In the new century, we have seen an increase in the presence of Latinos in public culture, but we have also seen the rise of anti-Latino nativism. At the beginning of 2003, the U.S. census declared that Latinos had for the first time surpassed African Americans in number, officially becoming the largest ethno-racial minority in the nation. Many applauded. But by 2005, groups of zealous citizens (the notorious Minuteman) organized around the U.S.-Mexico border as a militia, to, in their words, “stop the invasion of illegals.” Such nativist politics moved, within a few years, from the political periphery to mainstream. By decades end, Gov. Jan Brewer of Arizona had pushed for and passed Arizona SB 1070, a set of policies and legal decisions that were meant to reduce dramatically the quality of life of undocumented immigrants and anyone who looks like them. Today, nativist policies like SB 1070 are everywhere, in many states, counties, and cities. This radicalization of politics, Hector Amaya argues, is not the result of “bad civics,” or, if you prefer, citizens behaving badly. It is, rather, the logic and predictable outcome of a political culture constituted around the principles of nativist excess. This political culture, which is partly constituted through media, enables the accumulation of political capital by ethnic majorities and disables ethnic minorities such as Latinos from using and accumulating political capital. To support this argument, this talk discusses two cases meant to show how this process of political capital accumulation affects minoritarian and majoritarian media systems. The cases are the advertising campaign that made possible the 2006 pro-immigration reform rallies and the labor policies that help organize majoritarian media systems.

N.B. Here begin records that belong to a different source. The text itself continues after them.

(* Let $h=\sqrt{3}/2$ and consider the similarities of $\mathbb{R}^2$ $$S_1(\vec x)=\tfrac14\vec x,\quad S_2(\vec x)=\tfrac12\vec x+(1,0),\quad S_3(\vec x)=\tfrac14\vec x+(3,0),\quad S_4(\vec x)=\tfrac14\vec x+(1,2h),\quad S_5(\vec x)=\tfrac14\vec x+(\tfrac32,3h).$$ Let $K\subset\mathbb{R}^2$ be the unique nonempty compact set with $K=\bigcup_{j=1}^5 S_j(K)$. Then $K$ is a dendrite (a locally connected continuum containing no simple closed curve). *)

theory Defs
  imports "HOL-Analysis.Analysis"
begin

text \<open>A simple closed curve in S: the image of a closed simple path
  (a loop-free closed path, i.e. a homeomorphic image of the circle) lying in S.\<close>
definition contains_simple_closed_curve :: "(real \<times> real) set \<Rightarrow> bool" where
  "contains_simple_closed_curve S \<longleftrightarrow>
     (\<exists>g. simple_path g \<and> pathstart g = pathfinish g \<and> path_image g \<subseteq> S)"

definition dendrite :: "(real \<times> real) set \<Rightarrow> bool" where
  "dendrite S \<longleftrightarrow> S \<noteq> {} \<and> compact S \<and> connected S \<and> locally connected S
      \<and> \<not> contains_simple_closed_curve S"

definition hh :: real where "hh = sqrt 3 / 2"

definition S1 :: "real \<times> real \<Rightarrow> real \<times> real" where "S1 x = (1/4) *\<^sub>R x"
definition S2 :: "real \<times> real \<Rightarrow> real \<times> real" where "S2 x = (1/2) *\<^sub>R x + (1, 0)"
definition S3 :: "real \<times> real \<Rightarrow> real \<times> real" where "S3 x = (1/4) *\<^sub>R x + (3, 0)"
definition S4 :: "real \<times> real \<Rightarrow> real \<times> real" where "S4 x = (1/4) *\<^sub>R x + (1, 2 * hh)"
definition S5 :: "real \<times> real \<Rightarrow> real \<times> real" where "S5 x = (1/4) *\<^sub>R x + (3/2, 3 * hh)"

end

theory Submission
  imports Defs
begin

text \<open>K lies in the equilateral triangle T with vertices (0,0), (4,0), (2, 4h), and the five
  copies S_j(T) meet only in the four points (1,0), (3,0), (2,2h), (3/2,3h), glued in the pattern
  of a tree. The vertices of T are fixed points of S1, S3, S5, hence lie in K, so the Hutchinson
  operator F X = \<Union>_j S_j(X) keeps connected sets containing K connected, and K is the intersection
  of the decreasing continua F^n(T). Local connectedness holds for every connected attractor of a
  contracting iterated function system, because K is a finite union of connected copies of
  arbitrarily small diameter. Finally, no junction point can be crossed by a simple closed curve,
  so every such curve in K lies in a single copy S_j(K); blowing it up by the inverse of S_j
  enlarges it by a factor at least 2, which is absurd for a curve of almost maximal size in the
  bounded set K.\<close>

section \<open>Simple closed curves and local connectedness\<close>

lemma locally_connected_if_fine_closed_connected_covers:
  fixes S :: "'a::metric_space set"
  assumes fine: "\<And>e. e > 0 \<Longrightarrow> \<exists>P. finite P \<and> \<Union>P = S \<and>
                    (\<forall>Q\<in>P. closed Q \<and> connected Q \<and> (\<forall>a\<in>Q. \<forall>b\<in>Q. dist a b < e))"
  shows "locally connected S"
  unfolding locally_connected_im_kleinen
proof (intro allI impI, elim conjE)
  fix V x assume V: "openin (top_of_set S) V" and "x \<in> V"
  then have "x \<in> S" by (meson openin_imp_subset subsetD)
  obtain e where "e > 0" and e: "\<And>y. y \<in> S \<Longrightarrow> dist y x < e \<Longrightarrow> y \<in> V"
    using V \<open>x \<in> V\<close> unfolding openin_euclidean_subtopology_iff by blast
  obtain P where "finite P" and cover: "\<Union>P = S"
    and P: "\<And>Q. Q \<in> P \<Longrightarrow> closed Q \<and> connected Q \<and> (\<forall>a\<in>Q. \<forall>b\<in>Q. dist a b < e)"
    using fine[OF \<open>e > 0\<close>] by blast
  define C where "C = \<Union>{Q\<in>P. x \<in> Q}"
  define U where "U = S - \<Union>{Q\<in>P. x \<notin> Q}"
  have "connected C" unfolding C_def by (rule connected_Union) (use P in auto)
  have "C \<subseteq> V"
  proof
    fix y assume "y \<in> C"
    then obtain Q where "Q \<in> P" "x \<in> Q" "y \<in> Q" unfolding C_def by blast
    then show "y \<in> V" using P[OF \<open>Q \<in> P\<close>] cover e by blast
  qed
  have "x \<in> C" unfolding C_def using \<open>x \<in> S\<close> cover by blast
  have "U \<subseteq> C" unfolding U_def C_def using cover by blast
  have "closed (\<Union>{Q\<in>P. x \<notin> Q})" using \<open>finite P\<close> P by (intro closed_Union) auto
  then have "openin (top_of_set S) U"
    unfolding U_def Diff_eq by (intro openin_open_Int open_Compl)
  moreover have "x \<in> U" unfolding U_def using \<open>x \<in> S\<close> by blast
  ultimately show "\<exists>U. openin (top_of_set S) U \<and> x \<in> U \<and> U \<subseteq> V \<and>
                     (\<forall>y. y \<in> U \<longrightarrow> (\<exists>C. connected C \<and> C \<subseteq> V \<and> x \<in> C \<and> y \<in> C))"
    using \<open>U \<subseteq> C\<close> \<open>C \<subseteq> V\<close> \<open>connected C\<close> \<open>x \<in> C\<close> by blast
qed

lemma simple_loop_in_one_side:
  fixes g :: "real \<Rightarrow> 'a::real_normed_vector"
  assumes g: "simple_path g" "pathfinish g = pathstart g" and sub: "path_image g \<subseteq> L \<union> R"
    and "closed L" "closed R" and LR: "L \<inter> R \<subseteq> {p}"
  shows "path_image g \<subseteq> L \<or> path_image g \<subseteq> R"
proof (rule ccontr)
  assume "\<not> (path_image g \<subseteq> L \<or> path_image g \<subseteq> R)"
  then obtain a b where a: "a \<in> path_image g" "a \<notin> R" and b: "b \<in> path_image g" "b \<notin> L"
    by blast
  have "a \<in> L" "b \<in> R" "a \<noteq> b" using a b sub by auto
  obtain u d where ud: "arc u" "arc d" "pathstart u = a" "pathfinish u = b"
      "pathstart d = b" "pathfinish d = a"
      "path_image u \<inter> path_image d = {a,b}" "path_image u \<union> path_image d = path_image g"
    using exists_double_arc[OF g a(1) b(1) \<open>a \<noteq> b\<close>] by blast
  \<comment> \<open>Each of the two arcs joins a \<in> L to b \<in> R, so by connectedness it meets L \<inter> R \<subseteq> {p}.\<close>
  have through_p: "p \<in> path_image h \<inter> L \<inter> R"
    if h: "path h" "path_image h \<subseteq> path_image g" "a \<in> path_image h" "b \<in> path_image h" for h
  proof -
    have "L \<inter> path_image h = {} \<or> R \<inter> path_image h = {}"
      if "L \<inter> R \<inter> path_image h = {}"
      using connected_closedD[OF connected_path_image[OF h(1)] that _ \<open>closed L\<close> \<open>closed R\<close>]
        h(2) sub by blast
    then show ?thesis using h(3,4) \<open>a \<in> L\<close> \<open>b \<in> R\<close> LR by blast
  qed
  have "a \<in> path_image u" "b \<in> path_image u" "a \<in> path_image d" "b \<in> path_image d"
    using ud(3-6) pathstart_in_path_image pathfinish_in_path_image by metis+
  moreover have "path u" "path d" using ud(1,2) by (simp_all add: arc_imp_path)
  ultimately have "p \<in> path_image u \<inter> L \<inter> R" "p \<in> path_image d"
    using through_p ud(8) by blast+
  then show False using ud(7) a(2) b(2) by auto
qed

lemma simple_loop_rescale:
  fixes g :: "real \<Rightarrow> 'a::real_normed_vector"
  assumes "c \<noteq> 0" "simple_path g" "pathfinish g = pathstart g"
    and "path_image g \<subseteq> (\<lambda>x. c *\<^sub>R x + t) ` K"
  defines "\<phi> \<equiv> \<lambda>y. (1/c) *\<^sub>R (y - t)"
  shows "simple_path (\<phi> \<circ> g)" "pathfinish (\<phi> \<circ> g) = pathstart (\<phi> \<circ> g)"
    and "path_image (\<phi> \<circ> g) \<subseteq> K" "dist (\<phi> a) (\<phi> b) = dist a b / \<bar>c\<bar>"
proof -
  have "inj \<phi>" unfolding \<phi>_def using \<open>c \<noteq> 0\<close> by (auto intro: injI)
  then show "simple_path (\<phi> \<circ> g)"
    unfolding \<phi>_def
    by (intro simple_path_continuous_image assms continuous_intros) (auto intro: inj_on_subset)
  show "pathfinish (\<phi> \<circ> g) = pathstart (\<phi> \<circ> g)"
    by (simp add: pathstart_compose pathfinish_compose assms(3))
  show "path_image (\<phi> \<circ> g) \<subseteq> K"
    using assms(4) \<open>c \<noteq> 0\<close> by (auto simp: path_image_compose \<phi>_def)
  have "\<phi> a - \<phi> b = (1/c) *\<^sub>R (a - b)" unfolding \<phi>_def by (simp add: algebra_simps)
  then show "dist (\<phi> a) (\<phi> b) = dist a b / \<bar>c\<bar>" by (simp add: dist_norm)
qed
lemma rel_entropy_scaled_reference:
  fixes P Q Q' :: "'a \<Rightarrow> real"
  assumes P_nonneg: "\<forall>x\<in>S. P x \<ge> 0" and P_sum: "(\<Sum>x\<in>S. P x) = 1"
    and Q_nonneg: "\<forall>x\<in>S. Q x \<ge> 0" and c: "c > 0"
    and scaled: "\<forall>x\<in>S. P x \<noteq> 0 \<longrightarrow> Q' x = c * Q x"
  shows "rel_entropy S P Q' = rel_entropy S P Q - ereal (ln c)"
proof (cases "\<forall>x\<in>S. P x \<noteq> 0 \<longrightarrow> Q x \<noteq> 0")
  case True
  have "(if P x = 0 then 0 else P x * ln (P x / Q' x))
      = (if P x = 0 then 0 else P x * ln (P x / Q x)) - P x * ln c" if x: "x \<in> S" for x
  proof (cases "P x = 0")
    case False
    then have "P x > 0" "Q x > 0"
      using P_nonneg Q_nonneg True x by force+
    then show ?thesis
      using False scaled x c by (simp add: ln_div ln_mult algebra_simps)
  qed simp
  then have "(\<Sum>x\<in>S. if P x = 0 then 0 else P x * ln (P x / Q' x))
      = (\<Sum>x\<in>S. if P x = 0 then 0 else P x * ln (P x / Q x)) - ln c"
    by (simp add: sum_subtractf sum_distrib_right[symmetric] P_sum)
  moreover have "\<forall>x\<in>S. P x \<noteq> 0 \<longrightarrow> Q' x \<noteq> 0"
    using True scaled c by simp
  ultimately show ?thesis
    using True by (simp add: rel_entropy_def)
next
  case False
  then have "\<not> (\<forall>x\<in>S. P x \<noteq> 0 \<longrightarrow> Q' x \<noteq> 0)"
    using scaled by auto
  with False show ?thesis
    by (simp add: rel_entropy_def)
qed

lemma is_minimizer_shifted_objective:
  assumes "\<forall>P\<in>C. rel_entropy (paths n N) P Q' = rel_entropy (paths n N) P Q - ereal d"
  shows "is_minimizer n N C Q' P \<longleftrightarrow> is_minimizer n N C Q P"
proof -
  have "rel_entropy (paths n N) P Q' \<le> rel_entropy (paths n N) P' Q'
      \<longleftrightarrow> rel_entropy (paths n N) P Q \<le> rel_entropy (paths n N) P' Q"
    if "P \<in> C" "P' \<in> C" for P P'
    using assms that
    by (cases "rel_entropy (paths n N) P Q"; cases "rel_entropy (paths n N) P' Q") auto
  then show ?thesis
    unfolding is_minimizer_def by blast
qed

definition bridge_paths :: "nat \<Rightarrow> nat \<Rightarrow> nat \<Rightarrow> nat \<Rightarrow> nat list set" where
  "bridge_paths n N a b = {xs \<in> paths n N. xs ! 0 = a \<and> xs ! N = b}"

lemma bridge_paths_subset: "bridge_paths n N a b \<subseteq> paths n N"
  unfolding bridge_paths_def by blast

lemma bridge_set_vanishes_off_bridge_paths:
  assumes P: "P \<in> bridge_set n N a b" and xs: "xs \<in> paths n N - bridge_paths n N a b"
  shows "P xs = 0"
proof -
  have P_nonneg: "\<forall>ys\<in>paths n N. P ys \<ge> 0"
    using P by (simp add: bridge_set_def)
  have vanish: "P xs = 0" if "xs \<in> B" "B \<subseteq> paths n N" "sum P B = 0" for B
    using that P_nonneg finite_subset[OF that(2) finite_paths] sum_nonneg_eq_0_iff[of B P]
    by blast
  have ends: "xs ! 0 \<in> nodes n" "xs ! N \<in> nodes n"
    using xs paths_nth_in_nodes by auto
  consider "xs ! 0 \<noteq> a" | "xs ! N \<noteq> b"
    using xs by (auto simp: bridge_paths_def)
  then show ?thesis
  proof cases
    case 1
    then show ?thesis
      using P ends xs by (intro vanish[of "{ys \<in> paths n N. ys ! 0 = xs ! 0}"]) (auto simp: bridge_set_def)
  next
    case 2
    then show ?thesis
      using P ends xs by (intro vanish[of "{ys \<in> paths n N. ys ! N = xs ! N}"]) (auto simp: bridge_set_def)
  qed
qed

lemma conditional_measure_in_bridge_set:
  assumes Q_nonneg: "\<forall>xs\<in>paths n N. Q xs \<ge> 0" and mass: "sum Q (bridge_paths n N a b) > 0"
  shows "conditional_measure (bridge_paths n N a b) Q \<in> bridge_set n N a b"
proof -
  let ?T = "bridge_paths n N a b"
  have finite: "finite B" if "B \<subseteq> paths n N" for B
    using that finite_paths finite_subset by blast
  have mass_in: "sum (conditional_measure ?T Q) B = 1" if "?T \<subseteq> B" "B \<subseteq> paths n N" for B
    using that mass finite by (simp add: sum_conditional_measure inf.absorb2)
  have mass_out: "sum (conditional_measure ?T Q) B = 0" if "B \<inter> ?T = {}" "B \<subseteq> paths n N" for B
    using that finite by (simp add: sum_conditional_measure)
  show ?thesis
    unfolding bridge_set_def
  proof (intro CollectI conjI ballI)
    show "conditional_measure ?T Q xs \<ge> 0" if "xs \<in> paths n N" for xs
      using that Q_nonneg mass by (simp add: conditional_measure_def)
    show "sum (conditional_measure ?T Q) (paths n N) = 1"
      by (rule mass_in) (auto simp: bridge_paths_def)
    show "sum (conditional_measure ?T Q) {xs \<in> paths n N. xs ! 0 = i} = (if i = a then 1 else 0)" for i
      using mass_in[of "{xs \<in> paths n N. xs ! 0 = i}"] mass_out[of "{xs \<in> paths n N. xs ! 0 = i}"]
      by (auto simp: bridge_paths_def)
    show "sum (conditional_measure ?T Q) {xs \<in> paths n N. xs ! N = i} = (if i = b then 1 else 0)" for i
      using mass_in[of "{xs \<in> paths n N. xs ! N = i}"] mass_out[of "{xs \<in> paths n N. xs ! N = i}"]
      by (auto simp: bridge_paths_def)
  qed
qed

Amaya is associate professor of media studies at University of Virginia. He writes on globalization, Latino media studies, the cultural production of political identities, and Latin American film/media. His first book Screening Cuba: Film Criticism as Political Performance During the Cold War (2010: University of Illinois Press) investigates links between transnational film flows, criticism, and citizenship between Cuba and the United States. His second book, Citizenship Excess: Latinos/as, Media, and the Nation (2013: New York University Press) explores the relationship of media to citizenship and the impact this relationship has on Latinos/as and law. Amaya’s journal articles have appeared in places like Media, Culture and Society, Television & New Media, Studies in Hispanic Cinemas, New Cinemas, Critical Discourse Studies, Latino Studies, and Text and Performance Quarterly.